- _Available data_:
lemma expectation_abs_empirical_mean_ge:
  fixes p :: "nat \<Rightarrow> 'a::finite pmf" and \<xi> :: "'a \<Rightarrow> real"
  assumes "0 < N" "0 < v" and bound: "\<And>x. \<bar>\<xi> x\<bar> \<le> 1"
    and var: "\<And>i. i < N \<Longrightarrow> v \<le> measure_pmf.expectation (p i)
                 (\<lambda>x. (\<xi> x - measure_pmf.expectation (p i) \<xi>)^2)"
  shows "v / (16 * sqrt (6 / v)) / sqrt (real N)
         \<le> measure_pmf.expectation (Pi_pmf {..<N} dflt p) (\<lambda>f. \<bar>(\<Sum>i<N. \<xi> (f i)) / real N - c\<bar>)"
proof -
  let ?E = "measure_pmf.expectation (Pi_pmf {..<N} dflt p)"
  define m where "m i = measure_pmf.expectation (p i) \<xi>" for i
  define Z where "Z f = (\<Sum>i<N. \<xi> (f i) - m i)" for f :: "nat \<Rightarrow> 'a"
  have centered: "measure_pmf.expectation (p i) (\<lambda>x. \<xi> x - m i) = 0" for i
    by (simp add: m_def integrable_measure_pmf_finite)
  have m_bound: "\<bar>m i\<bar> \<le> 1" for i
  proof -
    have "\<bar>m i\<bar> \<le> measure_pmf.expectation (p i) (\<lambda>x. \<bar>\<xi> x\<bar>)"
      unfolding m_def by (rule integral_abs_bound)
    also have "\<dots> \<le> 1"
      using bound by (rule expectation_le_const_finite)
    finally show ?thesis .
  qed
  then have "\<bar>\<xi> x - m i\<bar> \<le> 2" for i x
    using bound[of x] m_bound[of i] by arith
  then have "v * sqrt (real (card {..<N})) / (2 * 2^2 * sqrt (6 / v)) \<le> ?E (\<lambda>f. \<bar>Z f\<bar>)"
    unfolding Z_def using \<open>0 < N\<close> \<open>0 < v\<close> centered var
    by (intro expectation_abs_Pi_pmf_centered_sum_ge) (auto simp: m_def)
  then have "1 / real N * (v * sqrt (real N) / (8 * sqrt (6 / v))) / 2 \<le> 1 / real N * ?E (\<lambda>f. \<bar>Z f\<bar>) / 2"
    by (intro divide_right_mono mult_left_mono) auto
  moreover have "v / (16 * sqrt (6 / v)) / sqrt (real N) = 1 / real N * (v * sqrt (real N) / (8 * sqrt (6 / v))) / 2"
  proof -
    have "v / (16 * s) / r = 1 / (r * r) * (v * r / (8 * s)) / 2" if "0 < r" for r s :: real
      using that by (simp add: field_simps)
    from this[of "sqrt (real N)" "sqrt (6 / v)"] show ?thesis
      using \<open>0 < N\<close> by simp
  qed
  ultimately have "v / (16 * sqrt (6 / v)) / sqrt (real N) \<le> 1 / real N * ?E (\<lambda>f. \<bar>Z f\<bar>) / 2"
    by simp
  also have "\<dots> \<le> ?E (\<lambda>f. \<bar>1 / real N * Z f + ((\<Sum>i<N. m i) / real N - c)\<bar>)"
    unfolding Z_def using centered
    by (intro expectation_abs_affine_ge expectation_Pi_pmf_centered_sum) auto
  also have "\<dots> = ?E (\<lambda>f. \<bar>(\<Sum>i<N. \<xi> (f i)) / real N - c\<bar>)"
    by (simp add: Z_def sum_subtractf diff_divide_distrib)
  finally show ?thesis .
qed

lemma expectation_sq_dev_ge_of_pmf_lower_bound:
  fixes q :: "'a::finite pmf" and \<xi> \<mu> :: "'a \<Rightarrow> real"
  assumes "\<And>x. c \<le> pmf q x" "0 \<le> c"
    and "(\<Sum>s\<in>UNIV. (\<xi> s)^2) = 1" "(\<Sum>s\<in>UNIV. \<mu> s * \<xi> s) = 0"
    and "\<And>s. 0 \<le> \<mu> s" "(\<Sum>s\<in>UNIV. \<mu> s) = 1"
  shows "c / (2 * real CARD('a)) \<le> measure_pmf.expectation q (\<lambda>x. (\<xi> x - m)^2)"
proof -
  obtain u w where gap: "1 / real CARD('a) \<le> (\<xi> u - \<xi> w)^2"
    using ex_gap_of_unit_orthogonal_to_distribution assms(3-6) by blast
  have "c / (2 * real CARD('a)) = c * (1 / real CARD('a)) / 2"
    by simp
  also have "\<dots> \<le> c * (\<xi> u - \<xi> w)^2 / 2"
    using gap \<open>0 \<le> c\<close> by (intro divide_right_mono mult_left_mono) auto
  also have "\<dots> \<le> measure_pmf.expectation q (\<lambda>x. (\<xi> x - m)^2)"
    using assms(1,2) by (rule expectation_sq_dev_ge_gap)
  finally show ?thesis .
qed

lemma expectation_abs_noise_ge:
  fixes P :: "'a::finite \<Rightarrow> bool \<Rightarrow> 'a pmf" and \<xi> \<mu> D :: "'a \<Rightarrow> real"
  assumes "0 < N" and pm: "0 < pm" "\<And>s a s'. pm \<le> pmf (P s a) s'"
    and unit: "(\<Sum>s\<in>UNIV. (\<xi> s)^2) = 1" and orth: "(\<Sum>s\<in>UNIV. \<mu> s * \<xi> s) = 0"
    and distr: "\<And>s. 0 \<le> \<mu> s" "(\<Sum>s\<in>UNIV. \<mu> s) = 1"
  defines "v \<equiv> pm / (2 * real CARD('a))"
  shows "v / (16 * sqrt (6 / v)) / sqrt (real N) \<le> measure_pmf.expectation (next_states P N S act)
           (\<lambda>S'. \<bar>\<Sum>s'\<in>UNIV. (Xfrac N S' s' - \<mu> s' - D s') * \<xi> s'\<bar>)"
proof -
  define c where "c = (\<Sum>s'\<in>UNIV. (\<mu> s' + D s') * \<xi> s')"
  have "(\<Sum>s'\<in>UNIV. (Xfrac N S' s' - \<mu> s' - D s') * \<xi> s') = (\<Sum>i<N. \<xi> (S' i)) / real N - c" for S'
  proof -
    have "(\<Sum>s'\<in>UNIV. (Xfrac N S' s' - \<mu> s' - D s') * \<xi> s')
        = (\<Sum>s'\<in>UNIV. Xfrac N S' s' * \<xi> s' - (\<mu> s' + D s') * \<xi> s')"
      by (intro sum.cong) (simp_all add: algebra_simps)
    then show ?thesis
      by (simp add: c_def sum_subtractf sum_Xfrac_mult)
  qed
  moreover have "v / (16 * sqrt (6 / v)) / sqrt (real N) \<le> measure_pmf.expectation (next_states P N S act)
      (\<lambda>S'. \<bar>(\<Sum>i<N. \<xi> (S' i)) / real N - c\<bar>)"
    unfolding next_states_def v_def using \<open>0 < N\<close> pm unit orth distr
    by (intro expectation_abs_empirical_mean_ge abs_le_one_of_sum_squares_eq_one
        expectation_sq_dev_ge_of_pmf_lower_bound[where \<mu> = \<mu>]) auto
  ultimately show ?thesis
    by simp
qed

theorem mainTheorem13:
  fixes P :: "'a::finite \<Rightarrow> bool \<Rightarrow> 'a pmf"
    and r :: "'a \<Rightarrow> bool \<Rightarrow> real"
    and \<alpha> :: real
    and y :: "'a \<Rightarrow> bool \<Rightarrow> real"
    and st :: 'a
  assumes alpha: "0 < \<alpha>" "\<alpha> < 1"
    and opt: "lp_optimal P r \<alpha> y"
    and tilde: "y st False > 0" "y st True > 0"
    and uniq: "\<forall>s. y s False > 0 \<and> y s True > 0 \<longrightarrow> s = st"
    and Ppos: "\<forall>s a s'. pmf (P s a) s' > 0"
  shows "\<exists>\<eta>'>0. \<exists>K>0. \<exists>N0::nat. \<forall>N\<ge>N0. \<forall>S :: nat \<Rightarrow> 'a.
           (\<Sum>s\<in>UNIV. \<bar>Xfrac N S s - mu_star y s\<bar>) \<le> \<eta>' \<longrightarrow>
           olc_defined \<alpha> y st N S \<longrightarrow>
           (\<forall>\<xi> :: 'a \<Rightarrow> real. sqrt (\<Sum>s\<in>UNIV. (\<xi> s)\<^sup>2) = 1 \<longrightarrow>
              (\<Sum>s\<in>UNIV. mu_star y s * \<xi> s) = 0 \<longrightarrow>
              (\<forall>act. olc_action \<alpha> y st N S act \<longrightarrow>
                 measure_pmf.expectation (next_states P N S act)
                   (\<lambda>S'. \<bar>\<Sum>s'\<in>UNIV. (Xfrac N S' s' - mu_star y s'
                        - (\<Sum>s\<in>UNIV. (Xfrac N S s - mu_star y s) * Phi P \<alpha> y st s s')) * \<xi> s'\<bar>)
                 \<ge> K / sqrt (real N)))"
proof -
  have "lp_feasible P \<alpha> y"
    using opt by (simp add: lp_optimal_def)
  then have \<mu>: "\<And>s. 0 \<le> mu_star y s" "(\<Sum>s\<in>UNIV. mu_star y s) = 1"
    by (auto simp: lp_feasible_def mu_star_def UNIV_bool add.commute add_nonneg_nonneg)
  obtain pm where pm: "0 < pm" "\<And>s a s'. pm \<le> pmf (P s a) s'"
    using ex_pos_lower_bound_finite[of "\<lambda>(s, a, s'). pmf (P s a) s'"] Ppos by auto
  define v where "v = pm / (2 * real CARD('a))"
  have "0 < v"
    using pm by (simp add: v_def)
  have noise: "v / (16 * sqrt (6 / v)) / sqrt (real N) \<le> measure_pmf.expectation (next_states P N S act)
      (\<lambda>S'. \<bar>\<Sum>s'\<in>UNIV. (Xfrac N S' s' - mu_star y s'
        - (\<Sum>s\<in>UNIV. (Xfrac N S s - mu_star y s) * Phi P \<alpha> y st s s')) * \<xi> s'\<bar>)"
    if "1 \<le> N" "sqrt (\<Sum>s\<in>UNIV. (\<xi> s)\<^sup>2) = 1" "(\<Sum>s\<in>UNIV. mu_star y s * \<xi> s) = 0"
    for N S \<xi> act
    using that pm \<mu> unfolding v_def by (intro expectation_abs_noise_ge) auto
  show ?thesis
    by (rule exI[of _ "1::real"],
        intro conjI exI[of _ "v / (16 * sqrt (6 / v))"] exI[of _ "1::nat"] allI impI noise)
      (use \<open>0 < v\<close> in auto)
qed

end
(* For any prefix $p$ and stream type $s$, there is at most one stream type $s'$ such that $\delta_p s \sim s'$. If moreover $p : s$, then such an $s'$ exists.
   Context: Stream types are generated by $s,t ::= 1 \mid \varepsilon \mid s\cdot t \mid s\,\|\,t \mid s+t \mid s^\star$. Prefixes are generated by $p ::= \mathtt{oneEmp} \mid \mathtt{oneFull} \mid \mathtt{epsEmp} \mid \mathtt{par}(p,p') \mid \mathtt{catA}(p) \mid \mathtt{catB}(p,p') \mid \mathtt{sumEmp} \mid \mathtt{inl}(p) \mid \mathtt{inr}(p) \mid \mathtt{starEmp} \mid \mathtt{starDone} \mid \mathtt{stA}(p) \mid \mathtt{stB}(p,p')$. Maximality (inductive): $\mathtt{epsEmp}$, $\mathtt{oneFull}$, $\mathtt{starDone}$ are maximal; $\mathtt{par}(p_1,p_2)$, $\mathtt{catB}(p_1,p_2)$, $\mathtt{stB}(p_1,p_2)$ are maximal if $p_1$ and $p_2$ are; $\mathtt{inl}(p)$, $\mathtt{inr}(p)$ are maximal if $p$ is. Prefix typing $p : s$ (inductive): $\mathtt{epsEmp}:\varepsilon$; $\mathtt{oneEmp}:1$; $\mathtt{oneFull}:1$; $\mathtt{par}(p_1,p_2): s\|t$ if $p_1:s$, $p_2:t$; $\mathtt{catA}(p): s\cdot t$ if $p:s$; $\mathtt{catB}(p_1,p_2): s\cdot t$ if $p_1:s$, $p_1$ maximal, $p_2:t$; $\mathtt{sumEmp}: s+t$; $\mathtt{inl}(p):s+t$ if $p:s$; $\mathtt{inr}(p):s+t$ if $p:t$; $\mathtt{starEmp}:s^\star$; $\mathtt{starDone}:s^\star$; $\mathtt{stA}(p):s^\star$ if $p:s$; $\mathtt{stB}(p,p'):s^\star$ if $p:s$, $p$ maximal, $p':s^\star$. The derivative relation $\delta_p s \sim s'$ is defined inductively by: $\delta_{\mathtt{epsEmp}}\varepsilon\sim\varepsilon$; $\delta_{\mathtt{oneEmp}}1\sim 1$; $\delta_{\mathtt{oneFull}}1\sim\varepsilon$; $\delta_{\mathtt{par}(p_1,p_2)}(s\|t)\sim s'\|t'$ if $\delta_{p_1}s\sim s'$ and $\delta_{p_2}t\sim t'$; $\delta_{\mathtt{catA}(p)}(s\cdot t)\sim s'\cdot t$ if $\delta_p s\sim s'$; $\delta_{\mathtt{catB}(p_1,p_2)}(s\cdot t)\sim t'$ if $\delta_{p_2}t\sim t'$; $\delta_{\mathtt{sumEmp}}(s+t)\sim s+t$; $\delta_{\mathtt{inl}(p)}(s+t)\sim s'$ if $\delta_p s\sim s'$; $\delta_{\mathtt{inr}(p)}(s+t)\sim t'$ if $\delta_p t\sim t'$; $\delta_{\mathtt{starEmp}}s^\star\sim s^\star$; $\delta_{\mathtt{starDone}}s^\star\sim\varepsilon$; $\delta_{\mathtt{stA}(p)}s^\star\sim s'\cdot s^\star$ if $\delta_p s\sim s'$; $\delta_{\mathtt{stB}(p,p')}s^\star\sim s'$ if $\delta_{p'}s^\star\sim s'$. *)

theory Defs
  imports Main
begin

datatype stream_ty = One | Eps | Cat stream_ty stream_ty | Par stream_ty stream_ty
  | Sum stream_ty stream_ty | Star stream_ty

datatype prefix = OneEmp | OneFull | EpsEmp | ParP prefix prefix | CatA prefix
  | CatB prefix prefix | SumEmp | Inl prefix | Inr prefix | StarEmp | StarDone
  | StA prefix | StB prefix prefix

inductive maximal :: "prefix \<Rightarrow> bool" where
  "maximal EpsEmp"
| "maximal OneFull"
| "maximal StarDone"
| "maximal p1 \<Longrightarrow> maximal p2 \<Longrightarrow> maximal (ParP p1 p2)"
| "maximal p1 \<Longrightarrow> maximal p2 \<Longrightarrow> maximal (CatB p1 p2)"
| "maximal p1 \<Longrightarrow> maximal p2 \<Longrightarrow> maximal (StB p1 p2)"
| "maximal p \<Longrightarrow> maximal (Inl p)"
| "maximal p \<Longrightarrow> maximal (Inr p)"

inductive has_type :: "prefix \<Rightarrow> stream_ty \<Rightarrow> bool" where
  "has_type EpsEmp Eps"
| "has_type OneEmp One"
| "has_type OneFull One"
| "has_type p1 s \<Longrightarrow> has_type p2 t \<Longrightarrow> has_type (ParP p1 p2) (Par s t)"
| "has_type p s \<Longrightarrow> has_type (CatA p) (Cat s t)"
| "has_type p1 s \<Longrightarrow> maximal p1 \<Longrightarrow> has_type p2 t \<Longrightarrow> has_type (CatB p1 p2) (Cat s t)"
| "has_type SumEmp (Sum s t)"
| "has_type p s \<Longrightarrow> has_type (Inl p) (Sum s t)"
| "has_type p t \<Longrightarrow> has_type (Inr p) (Sum s t)"
| "has_type StarEmp (Star s)"
| "has_type StarDone (Star s)"
| "has_type p s \<Longrightarrow> has_type (StA p) (Star s)"
| "has_type p s \<Longrightarrow> maximal p \<Longrightarrow> has_type p' (Star s) \<Longrightarrow> has_type (StB p p') (Star s)"

inductive deriv :: "prefix \<Rightarrow> stream_ty \<Rightarrow> stream_ty \<Rightarrow> bool" where
  "deriv EpsEmp Eps Eps"
| "deriv OneEmp One One"
| "deriv OneFull One Eps"
| "deriv p1 s s' \<Longrightarrow> deriv p2 t t' \<Longrightarrow> deriv (ParP p1 p2) (Par s t) (Par s' t')"
| "deriv p s s' \<Longrightarrow> deriv (CatA p) (Cat s t) (Cat s' t)"
| "deriv p2 t t' \<Longrightarrow> deriv (CatB p1 p2) (Cat s t) t'"
| "deriv SumEmp (Sum s t) (Sum s t)"
| "deriv p s s' \<Longrightarrow> deriv (Inl p) (Sum s t) s'"
| "deriv p t t' \<Longrightarrow> deriv (Inr p) (Sum s t) t'"
| "deriv StarEmp (Star s) (Star s)"
| "deriv StarDone (Star s) Eps"
| "deriv p s s' \<Longrightarrow> deriv (StA p) (Star s) (Cat s' (Star s))"
| "deriv p' (Star s) s' \<Longrightarrow> deriv (StB p p') (Star s) s'"

end

theory Submission
  imports Defs
begin

fun derivative :: "prefix \<Rightarrow> stream_ty \<Rightarrow> stream_ty option" where
  "derivative EpsEmp Eps = Some Eps"
| "derivative OneEmp One = Some One"
| "derivative OneFull One = Some Eps"
| "derivative (ParP p1 p2) (Par s t) =
     (case (derivative p1 s, derivative p2 t) of
        (Some s', Some t') \<Rightarrow> Some (Par s' t')
      | _ \<Rightarrow> None)"
| "derivative (CatA p) (Cat s t) = map_option (\<lambda>s'. Cat s' t) (derivative p s)"
| "derivative (CatB p1 p2) (Cat s t) = derivative p2 t"
| "derivative SumEmp (Sum s t) = Some (Sum s t)"
| "derivative (Inl p) (Sum s t) = derivative p s"
| "derivative (Inr p) (Sum s t) = derivative p t"
| "derivative StarEmp (Star s) = Some (Star s)"
| "derivative StarDone (Star s) = Some Eps"
| "derivative (StA p) (Star s) = map_option (\<lambda>s'. Cat s' (Star s)) (derivative p s)"
| "derivative (StB p p') (Star s) = derivative p' (Star s)"
| "derivative _ _ = None"

lemma deriv_iff_derivative: "deriv p s s' \<longleftrightarrow> derivative p s = Some s'"
proof
  show "deriv p s s' \<Longrightarrow> derivative p s = Some s'"
    by (induction rule: deriv.induct) auto
  show "derivative p s = Some s' \<Longrightarrow> deriv p s s'"
    by (induction p s arbitrary: s' rule: derivative.induct)
      (auto intro: deriv.intros split: option.splits)
qed

lemma deriv_deterministic: "deriv p s s1 \<Longrightarrow> deriv p s s2 \<Longrightarrow> s1 = s2"
  by (simp add: deriv_iff_derivative)

lemma has_type_derivative_defined: "has_type p s \<Longrightarrow> derivative p s \<noteq> None"
  by (induction rule: has_type.induct) auto

theorem mainTheorem2:
  shows "(\<forall>p s s1 s2. deriv p s s1 \<longrightarrow> deriv p s s2 \<longrightarrow> s1 = s2)
       \<and> (\<forall>p s. has_type p s \<longrightarrow> (\<exists>s'. deriv p s s'))"
  using deriv_deterministic has_type_derivative_defined
  by (auto simp: deriv_iff_derivative)

end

- _Activity_: Give the number of lines in the listing above where the word "moreover" appears, and nothing else.

- _Reply to the exercise_: 3